Bug in ClojureScript 'rem' with JavaScript numbers

(The ClojureScript version used in this post was "1.11.60")

TL;DR:

> (rem num 1000) ;; should be between -999 and 999 for all integers
6.1897001964269014E26
TL;DR

I wanted to create a simple Reagent toy example where a user can input a number and the number is displayed in words. A straightforward implementation can use the already existing cl-format from cljs.pprint:

> (cljs.pprint/cl-format false "~R" 123456)
"one hundred twenty-three thousand, four hundred fifty-six"

Because of the way numbers are represented in JavaScript it was clear from the beginning that this will not work properly for large numbers. For example:

> (cljs.pprint/cl-format false "~R" 44444444444444444444444444444444444444)
"forty-four undecillion, four hundred forty-four decillion, four hundred forty-four nonillion, four hundred forty-four octillion, four hundred forty-four septillion, four hundred thirty-two sextillion"

We can see it ends with "thirty-two sextillion"; a clear loss of precision.

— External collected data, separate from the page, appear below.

(* Let $\mathcal{X}\subset\mathbb{R}^d$ be a compact metric space, $\mathcal{Y}\subset\mathbb{R}$, and let $(X,Y)$ be distributed according to a probability measure $\rho$ on $\mathcal{X}\times\mathcal{Y}$ with marginal $\rho_{\mathcal{X}}$. Let $f^\star(x)=\mathbb{E}(Y\mid X=x)$ be bounded, let $\mathcal{H}\subset C(\mathcal{X})$ be uniformly bounded, and set $M=\max\{\|f^\star\|_\infty,\sup_{f\in\mathcal{H}}\|f\|_\infty\}$. Assume there is $\epsilon>0$ with $\mathbb{E}|Y|^{1+\epsilon}<+\infty$, and let $\sigma>\max\{2M,1\}$. Then there exist positive constants $c_1,c_2$, independent of $\sigma$ and of $f$, such that for every measurable $f:\mathcal{X}\to\mathbb{R}$ with $\|f\|_\infty\le M$, the random variable $\xi(x,y)=\ell_\sigma(y-f(x))-\ell_\sigma(y-f^\star(x))$ satisfies \[ \mathbb{E}\xi^2\le c_1\|f-f^\star\|_{2,\rho}^{\frac{2(\epsilon-1)_+}{\epsilon+1}}+c_2\sigma^{1-\epsilon}. \]
   Context: The Huber loss with scale parameter $\sigma>0$ is $\ell_\sigma(t)=t^2$ if $|t|\le\sigma$ and $\ell_\sigma(t)=2\sigma|t|-\sigma^2$ otherwise. $\|g\|_{2,\rho}$ is the $L^2(\rho_{\mathcal{X}})$ norm. For $t\in\mathbb{R}$, $t_+=\max(0,t)$. The expectation is over $(X,Y)\sim\rho$. *)

theory Defs
  imports "HOL-Probability.Probability"
begin

definition huber :: "real \<Rightarrow> real \<Rightarrow> real" where
  "huber \<sigma> t = (if \<bar>t\<bar> \<le> \<sigma> then t\<^sup>2 else 2 * \<sigma> * \<bar>t\<bar> - \<sigma>\<^sup>2)"

definition L2_norm_marg :: "('a \<times> real) measure \<Rightarrow> ('a \<Rightarrow> real) \<Rightarrow> real" where
  "L2_norm_marg \<rho> g = sqrt (\<integral> z. (g (fst z))\<^sup>2 \<partial>\<rho>)"

definition pos_part :: "real \<Rightarrow> real" where
  "pos_part t = max 0 t"

end

theory Submission
  imports Defs
begin

text \<open>
  On residuals bounded by W, the Huber loss with scale \<sigma> is Lipschitz with constant
  2 min(\<sigma>, W). Taking W = 2 max(|y|, M), which dominates both residuals, gives
  \<xi>^2 \<le> 4 min(\<sigma>, W)^2 (f - f*)^2 with (f - f*)^2 \<le> 4 M^2, and W^(1+\<epsilon>) is integrable
  by the moment assumption. For \<epsilon> \<le> 1 interpolate min(\<sigma>, W)^2 \<le> \<sigma>^(1-\<epsilon>) W^(1+\<epsilon>).
  For \<epsilon> > 1 split W^2 \<le> T^2 + T^(1-\<epsilon>) W^(1+\<epsilon>) at a level T > 0; the choice
  T = \<parallel>f - f*\<parallel>^(-2/(1+\<epsilon>)) makes both integrated terms equal to \<parallel>f - f*\<parallel>^(2(\<epsilon>-1)/(\<epsilon>+1)).
\<close>

lemma huber_abs [simp]: "huber s \<bar>t\<bar> = huber s t"
  by (simp add: huber_def)

lemma huber_increment_le:
  fixes s u u' W :: real
  assumes "0 \<le> u" "u \<le> u'" "u' \<le> W"
  shows "huber s u' - huber s u \<le> 2 * min s W * (u' - u)"
proof -
  consider "u' \<le> s" | "u \<le> s" "s < u'" | "s < u"
    by linarith
  then show ?thesis
  proof cases
    case 1
    then have "u' + u \<le> 2 * min s W"
      using assms by linarith
    then have "(u' - u) * (u' + u) \<le> (u' - u) * (2 * min s W)"
      using assms by (intro mult_left_mono) auto
    then show ?thesis
      using 1 assms by (simp add: huber_def power2_eq_square algebra_simps)
  next
    case 2
    have "0 \<le> (s - u)\<^sup>2" by simp
    then show ?thesis
      using 2 assms by (simp add: huber_def power2_eq_square algebra_simps)
  next
    case 3
    then show ?thesis
      using assms by (simp add: huber_def algebra_simps)
  qed
qed

lemma huber_mono:
  fixes s u u' :: real
  assumes "0 < s" "0 \<le> u" "u \<le> u'"
  shows "huber s u \<le> huber s u'"
proof -
  consider "u' \<le> s" | "u \<le> s" "s < u'" | "s < u"
    by linarith
  then show ?thesis
  proof cases
    case 1
    then show ?thesis
      using assms by (simp add: huber_def power_mono)
  next
    case 2
    have "u\<^sup>2 \<le> s\<^sup>2"
      using 2 assms by (simp add: power_mono)
    moreover have "s\<^sup>2 \<le> s * u'"
      using 2 assms by (simp add: power2_eq_square)
    moreover have "huber s u = u\<^sup>2" "huber s u' = 2 * s * u' - s\<^sup>2"
      using 2 assms by (simp_all add: huber_def)
    ultimately show ?thesis
      by linarith
  next
    case 3
    then show ?thesis
      using assms by (simp add: huber_def)
  qed
qed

What surprised me was when playing around with the Reagent example, the whole thing suddenly broke. The textual representation was no longer getting updated, and there was an error message in the console:

Uncaught (in promise) Error: No item 6.189700196426902e+24 in vector of length 20
...

So what's going on? Trying to replicate the issue, I found an example input value:

;; we'll use this definition in some of the later REPL examples as well:
(def num 5555555555555555555555555555555555555555555)

(cljs.pprint/cl-format false "~R" num)
Execution error (Error) at (<cljs repl>:1).
No item 6.189700196426902e+24 in vector of length 20
:repl/exception!

The stack trace contains a line

at cljs$pprint$format_simple_cardinal (pprint.cljs:1187:33)

which seemed like a good place to start digging around the source code (https://github.com/clojure/clojurescript/blob/39709c9614d37b9a3dd398be8fed83cd3dda534b/src/main/cljs/cljs/pprint.cljs#L1187):

      (if (pos? hundreds) (str (nth english-cardinal-units hundreds) " hundred"))

Since the error was "No item 6.189700196426902e+24 in vector of length 20", the (nth english-cardinal-units hundreds) is the likely culprit - hundreds is defined as

(defn- format-simple-cardinal
  "Convert a number less than 1000 to a cardinal english string"
  [num]
  (let [hundreds (quot num 100)
        ,,,]

Since the function formats a number less than 1000, 'hundreds' should always be between 0 and 9, but here it seems to be larger than that. Let's take a look at where this is getting called. In format-cardinal-english we find

      (let [,,,
            parts (remainders 1000 abs-arg)]
        (if (<= (count parts) (count english-scale-numbers))
          (let [parts-strs (map format-simple-cardinal parts)

Let's see if there's anything weird going on with 'remainders' (note: the #'ns/fn syntax can be used to access private functions from other namespaces):

> (#'cljs.pprint/remainders 1000 num)
(5 555 555 555 555 554 0 0 0 0 0 0 0 0 6.1897001964269014E26)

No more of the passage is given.